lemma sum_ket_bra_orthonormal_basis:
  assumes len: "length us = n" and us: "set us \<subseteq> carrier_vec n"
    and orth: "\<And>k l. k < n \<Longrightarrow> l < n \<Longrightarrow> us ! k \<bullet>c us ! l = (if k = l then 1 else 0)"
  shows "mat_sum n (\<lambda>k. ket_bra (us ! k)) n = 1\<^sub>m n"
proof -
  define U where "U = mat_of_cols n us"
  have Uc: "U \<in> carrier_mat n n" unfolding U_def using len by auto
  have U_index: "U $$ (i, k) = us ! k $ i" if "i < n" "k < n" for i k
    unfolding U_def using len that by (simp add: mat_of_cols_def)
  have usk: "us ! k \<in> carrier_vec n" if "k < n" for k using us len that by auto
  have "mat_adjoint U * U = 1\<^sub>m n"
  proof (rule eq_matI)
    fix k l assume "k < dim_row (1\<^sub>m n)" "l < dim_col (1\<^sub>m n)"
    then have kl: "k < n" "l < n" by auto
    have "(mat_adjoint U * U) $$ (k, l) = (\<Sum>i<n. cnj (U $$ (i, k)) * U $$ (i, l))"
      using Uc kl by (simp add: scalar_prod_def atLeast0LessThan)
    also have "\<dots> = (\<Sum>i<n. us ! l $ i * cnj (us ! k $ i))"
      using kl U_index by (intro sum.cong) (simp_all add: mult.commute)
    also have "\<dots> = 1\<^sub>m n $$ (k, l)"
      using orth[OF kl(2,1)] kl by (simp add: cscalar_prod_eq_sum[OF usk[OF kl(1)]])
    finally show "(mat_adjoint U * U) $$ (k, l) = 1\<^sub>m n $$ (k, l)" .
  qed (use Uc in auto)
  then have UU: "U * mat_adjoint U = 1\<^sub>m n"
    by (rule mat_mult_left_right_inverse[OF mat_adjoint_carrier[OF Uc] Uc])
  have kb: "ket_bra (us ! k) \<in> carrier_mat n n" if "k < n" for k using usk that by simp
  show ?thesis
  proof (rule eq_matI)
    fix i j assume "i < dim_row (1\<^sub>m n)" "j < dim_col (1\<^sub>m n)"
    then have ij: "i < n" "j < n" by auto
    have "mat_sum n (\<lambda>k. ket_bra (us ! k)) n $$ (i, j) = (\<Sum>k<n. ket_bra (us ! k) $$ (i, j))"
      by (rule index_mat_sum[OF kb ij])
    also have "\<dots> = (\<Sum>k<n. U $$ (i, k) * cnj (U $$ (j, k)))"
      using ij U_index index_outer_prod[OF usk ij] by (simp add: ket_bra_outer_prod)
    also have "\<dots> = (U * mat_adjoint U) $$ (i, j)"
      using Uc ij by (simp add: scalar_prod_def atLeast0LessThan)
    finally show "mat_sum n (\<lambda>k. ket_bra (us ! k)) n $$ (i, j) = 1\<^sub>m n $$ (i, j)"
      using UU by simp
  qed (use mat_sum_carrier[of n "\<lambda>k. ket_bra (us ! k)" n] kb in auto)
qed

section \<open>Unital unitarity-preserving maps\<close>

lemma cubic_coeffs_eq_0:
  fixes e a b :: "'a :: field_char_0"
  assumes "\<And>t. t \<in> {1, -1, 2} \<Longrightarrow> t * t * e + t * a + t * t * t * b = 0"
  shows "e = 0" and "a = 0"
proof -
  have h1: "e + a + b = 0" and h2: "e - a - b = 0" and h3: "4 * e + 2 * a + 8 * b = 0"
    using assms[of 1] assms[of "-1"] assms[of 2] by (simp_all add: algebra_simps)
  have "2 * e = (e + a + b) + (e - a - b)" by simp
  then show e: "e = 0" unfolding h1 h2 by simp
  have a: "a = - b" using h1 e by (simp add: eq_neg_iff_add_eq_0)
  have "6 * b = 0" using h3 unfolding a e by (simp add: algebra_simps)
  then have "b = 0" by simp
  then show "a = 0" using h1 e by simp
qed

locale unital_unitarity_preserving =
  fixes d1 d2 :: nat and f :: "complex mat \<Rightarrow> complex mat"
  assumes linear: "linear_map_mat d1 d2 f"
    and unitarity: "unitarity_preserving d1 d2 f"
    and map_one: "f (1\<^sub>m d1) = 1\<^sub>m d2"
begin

################

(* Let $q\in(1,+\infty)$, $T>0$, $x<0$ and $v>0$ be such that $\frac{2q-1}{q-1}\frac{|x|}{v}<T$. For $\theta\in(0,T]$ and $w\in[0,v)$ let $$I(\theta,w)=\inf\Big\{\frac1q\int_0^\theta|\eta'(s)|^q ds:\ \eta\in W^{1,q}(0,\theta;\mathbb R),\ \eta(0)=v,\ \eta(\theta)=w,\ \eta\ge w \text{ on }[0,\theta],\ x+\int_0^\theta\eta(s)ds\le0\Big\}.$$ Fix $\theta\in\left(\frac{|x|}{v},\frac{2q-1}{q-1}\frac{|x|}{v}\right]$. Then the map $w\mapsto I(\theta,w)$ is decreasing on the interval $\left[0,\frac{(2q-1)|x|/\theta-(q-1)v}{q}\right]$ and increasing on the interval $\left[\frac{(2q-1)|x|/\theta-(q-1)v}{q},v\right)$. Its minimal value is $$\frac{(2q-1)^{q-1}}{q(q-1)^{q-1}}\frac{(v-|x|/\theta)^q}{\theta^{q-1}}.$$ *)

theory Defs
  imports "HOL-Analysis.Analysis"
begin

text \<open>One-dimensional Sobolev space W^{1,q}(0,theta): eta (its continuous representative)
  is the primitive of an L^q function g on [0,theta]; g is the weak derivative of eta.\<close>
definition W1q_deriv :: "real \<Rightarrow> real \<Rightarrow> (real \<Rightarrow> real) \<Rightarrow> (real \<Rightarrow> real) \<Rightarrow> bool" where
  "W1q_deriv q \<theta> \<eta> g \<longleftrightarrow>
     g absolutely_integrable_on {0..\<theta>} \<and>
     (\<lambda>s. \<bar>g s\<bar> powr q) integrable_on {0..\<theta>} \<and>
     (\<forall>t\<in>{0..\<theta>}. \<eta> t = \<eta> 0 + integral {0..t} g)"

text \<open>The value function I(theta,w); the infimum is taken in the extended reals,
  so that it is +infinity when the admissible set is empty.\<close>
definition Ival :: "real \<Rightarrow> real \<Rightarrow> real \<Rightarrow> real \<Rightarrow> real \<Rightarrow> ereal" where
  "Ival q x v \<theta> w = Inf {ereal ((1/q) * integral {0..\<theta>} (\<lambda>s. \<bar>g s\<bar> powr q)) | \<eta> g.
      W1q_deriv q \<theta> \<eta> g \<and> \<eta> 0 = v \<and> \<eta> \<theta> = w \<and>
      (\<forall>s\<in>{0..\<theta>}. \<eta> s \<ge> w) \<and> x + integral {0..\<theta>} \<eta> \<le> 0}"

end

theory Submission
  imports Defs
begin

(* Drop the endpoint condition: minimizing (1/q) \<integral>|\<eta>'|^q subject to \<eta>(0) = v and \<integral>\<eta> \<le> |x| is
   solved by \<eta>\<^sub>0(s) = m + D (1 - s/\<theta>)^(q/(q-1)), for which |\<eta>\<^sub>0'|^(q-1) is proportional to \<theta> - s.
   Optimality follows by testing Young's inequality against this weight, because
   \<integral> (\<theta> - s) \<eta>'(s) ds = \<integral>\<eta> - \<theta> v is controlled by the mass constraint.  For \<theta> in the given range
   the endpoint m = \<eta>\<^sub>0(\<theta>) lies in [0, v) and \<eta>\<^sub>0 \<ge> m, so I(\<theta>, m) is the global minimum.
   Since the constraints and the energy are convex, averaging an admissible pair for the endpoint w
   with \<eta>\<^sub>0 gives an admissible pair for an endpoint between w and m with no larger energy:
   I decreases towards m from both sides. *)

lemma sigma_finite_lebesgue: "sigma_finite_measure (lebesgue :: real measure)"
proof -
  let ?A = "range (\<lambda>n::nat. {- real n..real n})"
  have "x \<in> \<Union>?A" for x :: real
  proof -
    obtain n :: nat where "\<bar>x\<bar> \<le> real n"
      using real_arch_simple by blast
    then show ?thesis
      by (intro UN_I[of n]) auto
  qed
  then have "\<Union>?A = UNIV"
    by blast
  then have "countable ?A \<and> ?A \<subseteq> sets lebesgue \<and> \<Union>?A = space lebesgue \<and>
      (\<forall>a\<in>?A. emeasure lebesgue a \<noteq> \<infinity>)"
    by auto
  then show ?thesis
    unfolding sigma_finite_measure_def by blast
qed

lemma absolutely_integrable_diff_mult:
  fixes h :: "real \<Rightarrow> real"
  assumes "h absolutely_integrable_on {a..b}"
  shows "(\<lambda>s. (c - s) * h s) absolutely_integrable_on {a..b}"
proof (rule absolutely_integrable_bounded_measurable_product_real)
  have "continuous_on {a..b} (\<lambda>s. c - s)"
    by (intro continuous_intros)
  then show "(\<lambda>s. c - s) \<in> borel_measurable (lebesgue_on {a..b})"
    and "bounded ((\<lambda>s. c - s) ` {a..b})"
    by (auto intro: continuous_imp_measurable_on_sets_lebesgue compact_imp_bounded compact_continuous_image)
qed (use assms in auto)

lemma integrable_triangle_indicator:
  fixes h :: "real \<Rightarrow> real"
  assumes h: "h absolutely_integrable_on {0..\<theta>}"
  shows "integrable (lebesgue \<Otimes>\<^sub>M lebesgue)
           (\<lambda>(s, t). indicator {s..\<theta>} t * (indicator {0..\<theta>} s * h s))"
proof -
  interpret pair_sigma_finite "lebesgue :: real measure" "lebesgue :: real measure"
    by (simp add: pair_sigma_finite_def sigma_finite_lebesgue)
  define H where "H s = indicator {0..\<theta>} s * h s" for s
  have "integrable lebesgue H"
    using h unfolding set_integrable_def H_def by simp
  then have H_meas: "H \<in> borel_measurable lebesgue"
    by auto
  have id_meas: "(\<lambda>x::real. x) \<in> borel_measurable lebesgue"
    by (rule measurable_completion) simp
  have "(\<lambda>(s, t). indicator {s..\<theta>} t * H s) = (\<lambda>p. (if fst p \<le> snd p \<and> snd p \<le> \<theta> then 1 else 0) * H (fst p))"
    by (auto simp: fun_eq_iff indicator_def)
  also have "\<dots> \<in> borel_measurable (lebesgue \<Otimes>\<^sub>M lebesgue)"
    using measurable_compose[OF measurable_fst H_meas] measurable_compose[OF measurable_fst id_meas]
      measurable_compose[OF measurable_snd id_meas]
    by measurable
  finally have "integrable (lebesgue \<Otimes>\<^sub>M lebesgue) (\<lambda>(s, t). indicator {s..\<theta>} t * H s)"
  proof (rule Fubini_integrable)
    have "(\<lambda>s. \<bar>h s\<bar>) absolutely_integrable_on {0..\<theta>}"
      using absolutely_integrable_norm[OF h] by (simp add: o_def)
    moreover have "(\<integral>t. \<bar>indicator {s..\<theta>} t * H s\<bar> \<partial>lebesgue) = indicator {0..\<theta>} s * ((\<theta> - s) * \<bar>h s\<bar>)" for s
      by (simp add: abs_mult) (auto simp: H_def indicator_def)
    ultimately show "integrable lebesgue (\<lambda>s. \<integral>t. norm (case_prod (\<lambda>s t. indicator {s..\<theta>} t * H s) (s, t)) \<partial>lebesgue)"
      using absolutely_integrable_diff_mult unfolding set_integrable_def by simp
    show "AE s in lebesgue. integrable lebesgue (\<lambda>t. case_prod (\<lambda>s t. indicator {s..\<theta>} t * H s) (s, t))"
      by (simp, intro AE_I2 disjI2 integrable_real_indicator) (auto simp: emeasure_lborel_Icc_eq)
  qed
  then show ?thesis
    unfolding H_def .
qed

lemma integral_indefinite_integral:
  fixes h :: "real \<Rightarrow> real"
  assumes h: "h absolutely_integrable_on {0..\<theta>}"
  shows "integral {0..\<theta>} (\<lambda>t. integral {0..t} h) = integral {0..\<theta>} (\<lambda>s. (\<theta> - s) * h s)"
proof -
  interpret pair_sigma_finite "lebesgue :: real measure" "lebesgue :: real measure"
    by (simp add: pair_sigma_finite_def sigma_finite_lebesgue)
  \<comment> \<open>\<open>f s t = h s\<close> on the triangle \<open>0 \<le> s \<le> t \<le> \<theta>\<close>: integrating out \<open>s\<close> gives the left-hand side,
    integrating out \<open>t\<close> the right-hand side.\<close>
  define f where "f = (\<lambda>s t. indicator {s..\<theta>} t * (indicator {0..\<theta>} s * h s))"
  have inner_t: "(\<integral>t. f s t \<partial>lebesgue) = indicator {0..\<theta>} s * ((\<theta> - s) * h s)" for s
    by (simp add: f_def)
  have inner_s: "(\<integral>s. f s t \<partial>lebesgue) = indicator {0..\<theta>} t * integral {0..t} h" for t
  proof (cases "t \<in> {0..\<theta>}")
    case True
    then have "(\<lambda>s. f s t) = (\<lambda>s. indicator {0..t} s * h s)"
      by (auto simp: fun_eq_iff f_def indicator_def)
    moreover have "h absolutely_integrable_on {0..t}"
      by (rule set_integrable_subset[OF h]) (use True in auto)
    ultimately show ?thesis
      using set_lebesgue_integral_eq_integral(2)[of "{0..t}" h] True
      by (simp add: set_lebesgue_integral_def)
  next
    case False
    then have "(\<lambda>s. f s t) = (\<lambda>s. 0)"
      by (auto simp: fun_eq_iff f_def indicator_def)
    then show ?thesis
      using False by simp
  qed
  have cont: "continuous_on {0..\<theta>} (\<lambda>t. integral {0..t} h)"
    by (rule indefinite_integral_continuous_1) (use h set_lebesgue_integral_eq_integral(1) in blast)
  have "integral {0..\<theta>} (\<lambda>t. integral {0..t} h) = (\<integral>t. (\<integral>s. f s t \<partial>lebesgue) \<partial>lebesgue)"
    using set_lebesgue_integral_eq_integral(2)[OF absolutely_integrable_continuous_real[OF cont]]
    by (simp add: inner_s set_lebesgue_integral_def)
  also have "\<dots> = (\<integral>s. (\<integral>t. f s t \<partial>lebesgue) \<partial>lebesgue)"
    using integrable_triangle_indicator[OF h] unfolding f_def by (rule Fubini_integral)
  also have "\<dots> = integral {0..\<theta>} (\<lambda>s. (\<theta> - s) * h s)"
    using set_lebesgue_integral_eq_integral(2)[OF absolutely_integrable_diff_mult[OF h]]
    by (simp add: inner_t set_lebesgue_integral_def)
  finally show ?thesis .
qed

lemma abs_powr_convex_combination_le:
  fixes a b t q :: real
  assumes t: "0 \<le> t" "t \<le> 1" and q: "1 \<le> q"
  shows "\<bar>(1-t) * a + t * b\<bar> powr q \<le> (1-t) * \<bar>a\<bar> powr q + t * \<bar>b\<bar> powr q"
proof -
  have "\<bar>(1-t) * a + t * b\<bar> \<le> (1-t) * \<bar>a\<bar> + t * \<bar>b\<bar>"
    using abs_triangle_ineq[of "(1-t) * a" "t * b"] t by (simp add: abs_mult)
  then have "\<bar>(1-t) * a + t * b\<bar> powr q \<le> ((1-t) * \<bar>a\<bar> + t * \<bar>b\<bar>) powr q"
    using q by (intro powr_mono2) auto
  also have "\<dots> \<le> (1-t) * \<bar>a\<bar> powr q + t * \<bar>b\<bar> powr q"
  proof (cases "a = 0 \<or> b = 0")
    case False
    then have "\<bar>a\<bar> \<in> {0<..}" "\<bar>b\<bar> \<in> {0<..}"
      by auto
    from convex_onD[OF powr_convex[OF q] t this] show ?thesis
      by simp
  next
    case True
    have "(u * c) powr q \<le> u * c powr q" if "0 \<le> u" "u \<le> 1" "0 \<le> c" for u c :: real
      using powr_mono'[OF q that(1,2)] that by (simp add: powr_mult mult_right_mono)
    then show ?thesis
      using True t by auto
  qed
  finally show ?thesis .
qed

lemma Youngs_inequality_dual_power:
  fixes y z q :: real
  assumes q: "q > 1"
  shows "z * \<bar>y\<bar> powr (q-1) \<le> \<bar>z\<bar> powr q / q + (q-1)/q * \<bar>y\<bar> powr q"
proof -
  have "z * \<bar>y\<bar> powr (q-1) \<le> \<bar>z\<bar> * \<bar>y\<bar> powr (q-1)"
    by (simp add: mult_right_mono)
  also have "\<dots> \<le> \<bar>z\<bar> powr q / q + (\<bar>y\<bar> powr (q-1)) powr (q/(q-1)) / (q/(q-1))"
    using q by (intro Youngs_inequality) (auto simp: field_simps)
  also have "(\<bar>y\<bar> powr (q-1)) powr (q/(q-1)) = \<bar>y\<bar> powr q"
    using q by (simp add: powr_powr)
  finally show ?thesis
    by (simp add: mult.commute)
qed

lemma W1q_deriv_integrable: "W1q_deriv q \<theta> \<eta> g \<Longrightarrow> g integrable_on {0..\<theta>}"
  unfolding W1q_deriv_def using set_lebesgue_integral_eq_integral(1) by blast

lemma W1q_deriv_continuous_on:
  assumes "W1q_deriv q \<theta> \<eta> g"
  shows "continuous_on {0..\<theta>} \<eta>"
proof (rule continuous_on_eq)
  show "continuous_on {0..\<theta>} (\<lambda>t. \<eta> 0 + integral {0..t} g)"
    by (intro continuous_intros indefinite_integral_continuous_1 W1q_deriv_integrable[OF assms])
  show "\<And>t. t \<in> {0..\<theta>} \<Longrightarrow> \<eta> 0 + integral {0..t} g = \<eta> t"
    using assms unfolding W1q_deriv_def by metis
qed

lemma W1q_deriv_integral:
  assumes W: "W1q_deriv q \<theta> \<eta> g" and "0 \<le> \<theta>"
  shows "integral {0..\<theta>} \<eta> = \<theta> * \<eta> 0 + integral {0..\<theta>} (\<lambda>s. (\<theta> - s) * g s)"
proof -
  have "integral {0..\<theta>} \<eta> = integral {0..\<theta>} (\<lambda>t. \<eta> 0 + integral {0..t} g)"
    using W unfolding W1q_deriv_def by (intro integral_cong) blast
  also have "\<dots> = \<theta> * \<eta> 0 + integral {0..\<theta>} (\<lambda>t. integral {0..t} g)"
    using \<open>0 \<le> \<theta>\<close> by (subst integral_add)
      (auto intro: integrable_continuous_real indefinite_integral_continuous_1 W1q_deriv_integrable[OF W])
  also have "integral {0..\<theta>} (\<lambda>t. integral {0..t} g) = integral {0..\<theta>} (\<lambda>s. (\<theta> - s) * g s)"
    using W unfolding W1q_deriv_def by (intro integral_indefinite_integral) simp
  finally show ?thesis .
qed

################

__ACTIVITY__. Reproduce, word for word and in full, only the lines above that start at the line with "U * U = 1\<^sub>m" and run through the line with "l) = 1\<^sub>m", both ends included.

__OUTPUT OF THE TASK__.
  have "mat_adjoint U * U = 1\<^sub>m n"
  proof (rule eq_matI)
    fix k l assume "k < dim_row (1\<^sub>m n)" "l < dim_col (1\<^sub>m n)"
    then have kl: "k < n" "l < n" by auto
    have "(mat_adjoint U * U) $$ (k, l) = (\<Sum>i<n. cnj (U $$ (i, k)) * U $$ (i, l))"
      using Uc kl by (simp add: scalar_prod_def atLeast0LessThan)
    also have "\<dots> = (\<Sum>i<n. us ! l $ i * cnj (us ! k $ i))"
      using kl U_index by (intro sum.cong) (simp_all add: mult.commute)
    also have "\<dots> = 1\<^sub>m n $$ (k, l)"
      using orth[OF kl(2,1)] kl by (simp add: cscalar_prod_eq_sum[OF usk[OF kl(1)]])
    finally show "(mat_adjoint U * U) $$ (k, l) = 1\<^sub>m n $$ (k, l)" .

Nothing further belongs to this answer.